Viroids examines the biology of viroids, molecular characteristics, localization and movement, replication, pathogenesis, viroids and gene silencing, classification, viroid-like satellite RNAs, detection of viroids using bioamplification hosts, biological indexing, polyacrylamide gel electrophoresis, molecular hybridisation and polymerase chain reaction. The book looks at the geographical distribution and epidemiology of viroids in North America, Australasia, China, Japan, Europe, the Middle East, Africa, South America, and at the global level. It covers the control of viroids including quarantine of imported germplasm, availability of viroid-tested propagation materials, thermotherapy, tissue culture, and other conventional strategies as well as biotechnological control approaches. Special topics such as ribozyme reaction of viroids and economic advantages of viroid infection are also included. Other chapters summarise the current state of knowledge concerning viroid diseases of the crop in question and aspects of the natural history of viroids in horticulture. Among the crops covered are potato, tomato, tobacco, cucumber, pome fruits, stone fruits, avocado, citrus, grapevines, hop, chrysanthemum, coleus, columnea, and coconut palm.
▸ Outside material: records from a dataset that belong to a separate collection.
(* Let $n\ge2$, $k\in\{1,\ldots,n\}$, $r\in\mathbb{R}$, and $x^0\in\mathbb{R}^n$ with $x^0_1\ge\cdots\ge x^0_n$ and $\sum_{i=1}^k x^0_i>r$. Beginning from $(k_0,k_1)=(k-1,k)$, every index pair $(k_0,k_1)$ on the trajectory generated by the ESGS procedure satisfies $\mathtt{kkt}_1(k_0,k_1)$, $\mathtt{kkt}_3(k_0,k_1)$ and $\mathtt{kkt}_4(k_0,k_1)$.
   Context: Conventions: $x^0_0:=+\infty$, $x^0_{n+1}:=-\infty$. For $k_0\in\{0,\ldots,k-1\}$ and $k_1\in\{k,\ldots,n\}$ define $S_\alpha=\sum_{i=1}^{k_0}x^0_i-r$, $S_\beta=\sum_{i=k_0+1}^{k_1}x^0_i$, $\rho=k_0(k_1-k_0)+(k-k_0)^2$, $\theta(k_0,k_1)=(k_0S_\beta-(k-k_0)S_\alpha)/\rho$, $\lambda(k_0,k_1)=((k-k_0)S_\beta+(k_1-k_0)S_\alpha)/\rho$. KKT indicators: $\mathtt{kkt}_1$: $\lambda>0$; $\mathtt{kkt}_2$: $x^0_{k_0}>\theta+\lambda$; $\mathtt{kkt}_3$: $\theta+\lambda\ge x^0_{k_0+1}$; $\mathtt{kkt}_4$: $x^0_{k_1}\ge\theta$; $\mathtt{kkt}_5$: $\theta>x^0_{k_1+1}$ (all evaluated at $(k_0,k_1)$). ESGS trajectory: start at $(k_0,k_1)=(k-1,k)$ and repeat: if $\mathtt{kkt}_2\wedge\mathtt{kkt}_5$ holds, stop; else if $\mathtt{kkt}_2$ holds, set $k_1\gets k_1+1$; else set $k_0\gets k_0-1$. *)

theory Defs
  imports Complex_Main "HOL-Library.Extended_Real"
begin

(* x0 is given as a function on indices 1..n; the conventions
   x0_0 = +infinity and x0_(n+1) = -infinity are realised in ereal. *)
definition xe :: "nat \<Rightarrow> (nat \<Rightarrow> real) \<Rightarrow> nat \<Rightarrow> ereal" where
  "xe n x i = (if i = 0 then \<infinity> else if i = n + 1 then -\<infinity> else ereal (x i))"

definition S_alpha :: "(nat \<Rightarrow> real) \<Rightarrow> real \<Rightarrow> nat \<Rightarrow> real" where
  "S_alpha x r k0 = (\<Sum>i=1..k0. x i) - r"

definition S_beta :: "(nat \<Rightarrow> real) \<Rightarrow> nat \<Rightarrow> nat \<Rightarrow> real" where
  "S_beta x k0 k1 = (\<Sum>i=k0+1..k1. x i)"

definition rho :: "nat \<Rightarrow> nat \<Rightarrow> nat \<Rightarrow> real" where
  "rho k k0 k1 = real k0 * (real k1 - real k0) + (real k - real k0)^2"

definition theta :: "(nat \<Rightarrow> real) \<Rightarrow> real \<Rightarrow> nat \<Rightarrow> nat \<Rightarrow> nat \<Rightarrow> real" where
  "theta x r k k0 k1 =
     (real k0 * S_beta x k0 k1 - (real k - real k0) * S_alpha x r k0) / rho k k0 k1"

definition lam :: "(nat \<Rightarrow> real) \<Rightarrow> real \<Rightarrow> nat \<Rightarrow> nat \<Rightarrow> nat \<Rightarrow> real" where
  "lam x r k k0 k1 =
     ((real k - real k0) * S_beta x k0 k1 + (real k1 - real k0) * S_alpha x r k0) / rho k k0 k1"

definition kkt1 :: "(nat \<Rightarrow> real) \<Rightarrow> real \<Rightarrow> nat \<Rightarrow> nat \<Rightarrow> nat \<Rightarrow> bool" where
  "kkt1 x r k k0 k1 \<longleftrightarrow> lam x r k k0 k1 > 0"

definition kkt2 :: "nat \<Rightarrow> (nat \<Rightarrow> real) \<Rightarrow> real \<Rightarrow> nat \<Rightarrow> nat \<Rightarrow> nat \<Rightarrow> bool" where
  "kkt2 n x r k k0 k1 \<longleftrightarrow> xe n x k0 > ereal (theta x r k k0 k1 + lam x r k k0 k1)"

definition kkt3 :: "nat \<Rightarrow> (nat \<Rightarrow> real) \<Rightarrow> real \<Rightarrow> nat \<Rightarrow> nat \<Rightarrow> nat \<Rightarrow> bool" where
  "kkt3 n x r k k0 k1 \<longleftrightarrow> ereal (theta x r k k0 k1 + lam x r k k0 k1) \<ge> xe n x (k0 + 1)"

definition kkt4 :: "nat \<Rightarrow> (nat \<Rightarrow> real) \<Rightarrow> real \<Rightarrow> nat \<Rightarrow> nat \<Rightarrow> nat \<Rightarrow> bool" where
  "kkt4 n x r k k0 k1 \<longleftrightarrow> xe n x k1 \<ge> ereal (theta x r k k0 k1)"

definition kkt5 :: "nat \<Rightarrow> (nat \<Rightarrow> real) \<Rightarrow> real \<Rightarrow> nat \<Rightarrow> nat \<Rightarrow> nat \<Rightarrow> bool" where
  "kkt5 n x r k k0 k1 \<longleftrightarrow> ereal (theta x r k k0 k1) > xe n x (k1 + 1)"

inductive esgs_traj :: "nat \<Rightarrow> (nat \<Rightarrow> real) \<Rightarrow> real \<Rightarrow> nat \<Rightarrow> nat \<times> nat \<Rightarrow> bool"
  for n x r k where
  start: "esgs_traj n x r k (k - 1, k)"
| step_k1: "esgs_traj n x r k (k0, k1) \<Longrightarrow> \<not> (kkt2 n x r k k0 k1 \<and> kkt5 n x r k k0 k1) \<Longrightarrow>
            kkt2 n x r k k0 k1 \<Longrightarrow> esgs_traj n x r k (k0, k1 + 1)"
| step_k0: "esgs_traj n x r k (k0, k1) \<Longrightarrow> \<not> (kkt2 n x r k k0 k1 \<and> kkt5 n x r k k0 k1) \<Longrightarrow>
            \<not> kkt2 n x r k k0 k1 \<Longrightarrow> esgs_traj n x r k (k0 - 1, k1)"

end

theory Submission
  imports Defs
begin

(* \<theta>(k0,k1) and \<lambda>(k0,k1) are the unique solution of the 2x2 system
     S_\<beta> = (k1 - k0) \<theta> + (k - k0) \<lambda>,   S_\<alpha> = k0 \<lambda> - (k - k0) \<theta>
   with determinant \<rho>.  Each ESGS move adds one term to S_\<beta> (and, for a k0-move,
   removes it from S_\<alpha>); solving the new system shows that \<theta> and \<lambda> move along a
   fixed direction by a multiple q of the violated KKT residual.  The failing
   test that triggered the move says q \<ge> 0, so \<lambda> never decreases, and the
   new residuals equal \<rho> q \<ge> 0 for the old determinant \<rho>, which gives back
   kkt3 and kkt4. *)

lemma rho_pos: "k0 < k \<Longrightarrow> k0 \<le> k1 \<Longrightarrow> 0 < rho k k0 k1"
  unfolding rho_def by (simp add: add_nonneg_pos)

lemma rho_extend_right: "rho k k0 (k1 + 1) = rho k k0 k1 + real k0"
  unfolding rho_def by (simp add: algebra_simps)

lemma rho_extend_left: "1 \<le> k0 \<Longrightarrow> rho k (k0 - 1) k1 = rho k k0 k1 + 2 * real k - real k1"
  unfolding rho_def by (simp add: of_nat_diff algebra_simps power2_eq_square)

lemma S_beta_extend_right: "k0 \<le> k1 \<Longrightarrow> S_beta x k0 (k1 + 1) = S_beta x k0 k1 + x (k1 + 1)"
  unfolding S_beta_def by simp

lemma S_beta_extend_left: "1 \<le> k0 \<Longrightarrow> k0 \<le> k1 \<Longrightarrow> S_beta x (k0 - 1) k1 = S_beta x k0 k1 + x k0"
  unfolding S_beta_def by (simp add: sum.atLeast_Suc_atMost)

lemma S_alpha_extend_left: "1 \<le> k0 \<Longrightarrow> S_alpha x r (k0 - 1) = S_alpha x r k0 - x k0"
  unfolding S_alpha_def by (cases k0) auto

lemma cramer_2x2:
  fixes a b c d u v t l :: "'a :: field"
  assumes "a * d - b * c \<noteq> 0"
  shows "a * t + b * l = u \<and> c * t + d * l = v \<longleftrightarrow>
         t = (d * u - b * v) / (a * d - b * c) \<and> l = (a * v - c * u) / (a * d - b * c)"
  using assms by (auto simp: field_simps) algebra+

lemma theta_lam_iff:
  assumes "rho k k0 k1 \<noteq> 0"
  shows "S_beta x k0 k1 = (real k1 - real k0) * t + (real k - real k0) * l \<and>
         S_alpha x r k0 = real k0 * l - (real k - real k0) * t
         \<longleftrightarrow> t = theta x r k k0 k1 \<and> l = lam x r k k0 k1"
proof -
  have det: "(real k1 - real k0) * real k0 - (real k - real k0) * - (real k - real k0) = rho k k0 k1"
    unfolding rho_def by (simp add: algebra_simps power2_eq_square)
  show ?thesis
    using cramer_2x2[of "real k1 - real k0" "real k0" "real k - real k0" "- (real k - real k0)"
        t l "S_beta x k0 k1" "S_alpha x r k0"] assms
    unfolding det theta_def lam_def by (auto simp: algebra_simps)
qed

lemma theta_lam_extend_right:
  assumes "k0 < k" "k0 \<le> k1"
  obtains q where "theta x r k k0 (k1 + 1) = theta x r k k0 k1 + real k0 * q"
    and "lam x r k k0 (k1 + 1) = lam x r k k0 k1 + (real k - real k0) * q"
    and "x (k1 + 1) - theta x r k k0 k1 = rho k k0 (k1 + 1) * q"
proof -
  let ?th = "theta x r k k0 k1" and ?la = "lam x r k k0 k1" and ?rho' = "rho k k0 (k1 + 1)"
  define q where "q = (x (k1 + 1) - ?th) / ?rho'"
  have \<rho>: "rho k k0 k1 \<noteq> 0" and \<rho>': "?rho' > 0"
    using rho_pos[of k0 k k1] rho_pos[of k0 k "k1 + 1"] assms by auto
  then have q_eq: "x (k1 + 1) - ?th = ?rho' * q"
    unfolding q_def by simp
  then have q: "x (k1 + 1) = ?th + ?rho' * q"
    by simp
  have old: "S_beta x k0 k1 = (real k1 - real k0) * ?th + (real k - real k0) * ?la"
    "S_alpha x r k0 = real k0 * ?la - (real k - real k0) * ?th"
    using theta_lam_iff[OF \<rho>] by blast+
  have "S_beta x k0 (k1 + 1) = (real k1 - real k0) * ?th + (real k - real k0) * ?la + (?th + ?rho' * q)"
    unfolding S_beta_extend_right[OF assms(2)] old(1) q ..
  also have "\<dots> = (real (k1 + 1) - real k0) * (?th + real k0 * q)
          + (real k - real k0) * (?la + (real k - real k0) * q)"
    unfolding rho_def by (simp add: algebra_simps power2_eq_square)
  finally have "?th + real k0 * q = theta x r k k0 (k1 + 1) \<and>
      ?la + (real k - real k0) * q = lam x r k k0 (k1 + 1)"
    using old(2) \<rho>' by (intro theta_lam_iff[THEN iffD1]) (auto simp: algebra_simps)
  then show thesis
    using that[of q] q_eq by simp
qed

lemma theta_lam_extend_left:
  assumes "1 \<le> k0" "k0 < k" "k \<le> k1"
  obtains q where "theta x r k (k0 - 1) k1 = theta x r k k0 k1 - real k * q"
    and "lam x r k (k0 - 1) k1 = lam x r k k0 k1 + (real k1 - real k) * q"
    and "theta x r k k0 k1 + lam x r k k0 k1 - x k0 = rho k (k0 - 1) k1 * q"
proof -
  let ?th = "theta x r k k0 k1" and ?la = "lam x r k k0 k1" and ?rho' = "rho k (k0 - 1) k1"
  define q where "q = (?th + ?la - x k0) / ?rho'"
  have \<rho>: "rho k k0 k1 \<noteq> 0" and \<rho>': "?rho' > 0"
    using rho_pos[of k0 k k1] rho_pos[of "k0 - 1" k k1] assms by auto
  then have q_eq: "?th + ?la - x k0 = ?rho' * q"
    unfolding q_def by simp
  then have q: "x k0 = ?th + ?la - ?rho' * q"
    by simp
  have k0: "real (k0 - 1) = real k0 - 1"
    using assms(1) by simp
  have old: "S_beta x k0 k1 = (real k1 - real k0) * ?th + (real k - real k0) * ?la"
    "S_alpha x r k0 = real k0 * ?la - (real k - real k0) * ?th"
    using theta_lam_iff[OF \<rho>] by blast+
  have "S_beta x (k0 - 1) k1 = S_beta x k0 k1 + x k0"
    using assms by (intro S_beta_extend_left) auto
  also have "\<dots> = (real k1 - real k0) * ?th + (real k - real k0) * ?la + (?th + ?la - ?rho' * q)"
    unfolding old(1) q ..
  also have "\<dots> = (real k1 - real (k0 - 1)) * (?th - real k * q)
          + (real k - real (k0 - 1)) * (?la + (real k1 - real k) * q)"
    unfolding rho_def k0 by (simp add: algebra_simps power2_eq_square)
  finally have new_beta: "S_beta x (k0 - 1) k1 = \<dots>" .
  have "S_alpha x r (k0 - 1) = real k0 * ?la - (real k - real k0) * ?th - (?th + ?la - ?rho' * q)"
    unfolding S_alpha_extend_left[OF assms(1)] old(2) q ..
  also have "\<dots> = real (k0 - 1) * (?la + (real k1 - real k) * q)
          - (real k - real (k0 - 1)) * (?th - real k * q)"
    unfolding rho_def k0 by (simp add: algebra_simps power2_eq_square)
  finally have "?th - real k * q = theta x r k (k0 - 1) k1 \<and>
      ?la + (real k1 - real k) * q = lam x r k (k0 - 1) k1"
    using new_beta \<rho>' by (intro theta_lam_iff[THEN iffD1]) auto
  then show thesis
    using that[of q] q_eq by simp
qed

lemma theta_lam_start:
  assumes "1 \<le> k"
  shows "lam x r k (k - 1) k = ((\<Sum>i=1..k. x i) - r) / real k"
    and "theta x r k (k - 1) k = x k - lam x r k (k - 1) k"
proof -
  define l where "l = ((\<Sum>i=1..k. x i) - r) / real k"
  have "rho k (k - 1) k \<noteq> 0"
    using rho_pos[of "k - 1" k k] assms by simp
  moreover have "S_beta x (k - 1) k = (real k - real (k - 1)) * (x k - l) + (real k - real (k - 1)) * l"
    using assms by (simp add: S_beta_def of_nat_diff)
  moreover have "S_alpha x r (k - 1) = real (k - 1) * l - (real k - real (k - 1)) * (x k - l)"
  proof -
    have "(\<Sum>i=1..k. x i) = (\<Sum>i=1..k - 1. x i) + x k"
      using assms by (cases k) auto
    then show ?thesis
      using assms unfolding S_alpha_def l_def by (simp add: of_nat_diff field_simps)
  qed
  ultimately have "x k - l = theta x r k (k - 1) k \<and> l = lam x r k (k - 1) k"
    using theta_lam_iff by blast
  then show "lam x r k (k - 1) k = ((\<Sum>i=1..k. x i) - r) / real k"
    and "theta x r k (k - 1) k = x k - lam x r k (k - 1) k"
    unfolding l_def by auto
qed

lemma xe_inner: "1 \<le> i \<Longrightarrow> i \<le> n \<Longrightarrow> xe n x i = ereal (x i)"
  unfolding xe_def by simp

lemma kkt2_zero: "kkt2 n x r k 0 k1"
  unfolding kkt2_def xe_def by simp

lemma kkt5_last: "kkt5 n x r k k0 n"
  unfolding kkt5_def xe_def by simp

lemma esgs_traj_bounds:
  assumes "1 \<le> k" "k \<le> n" "esgs_traj n x r k (k0, k1)"
  shows "k0 < k \<and> k \<le> k1 \<and> k1 \<le> n"
  using assms(3)
proof (induction "(k0, k1)" arbitrary: k0 k1 rule: esgs_traj.induct)
  case start
  then show ?case using assms by auto
next
  case (step_k1 k0 k1)
  then have "k1 \<noteq> n"
    using kkt5_last by metis
  then show ?case using step_k1 by auto
next
  case (step_k0 k0 k1)
  then have "k0 \<noteq> 0"
    using kkt2_zero by metis
  then show ?case using step_k0 by auto
qed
The four eminent editors of this watershed volume have assembled an international group of more than 70 scientists who have substantial experience with viroids and viroid diseases. They have produced a cohesive and comprehensive work that can be used by students, researchers, extension agents, and regulators. It may also be of a great value to science managers, policy makers, and industries in formulating policies and products to obtain viroid-free plants and control viroid diseases. The information on plant quarantine and certification programs will help anyone concerned with the safe movement of plant material across international boundaries or within a single country.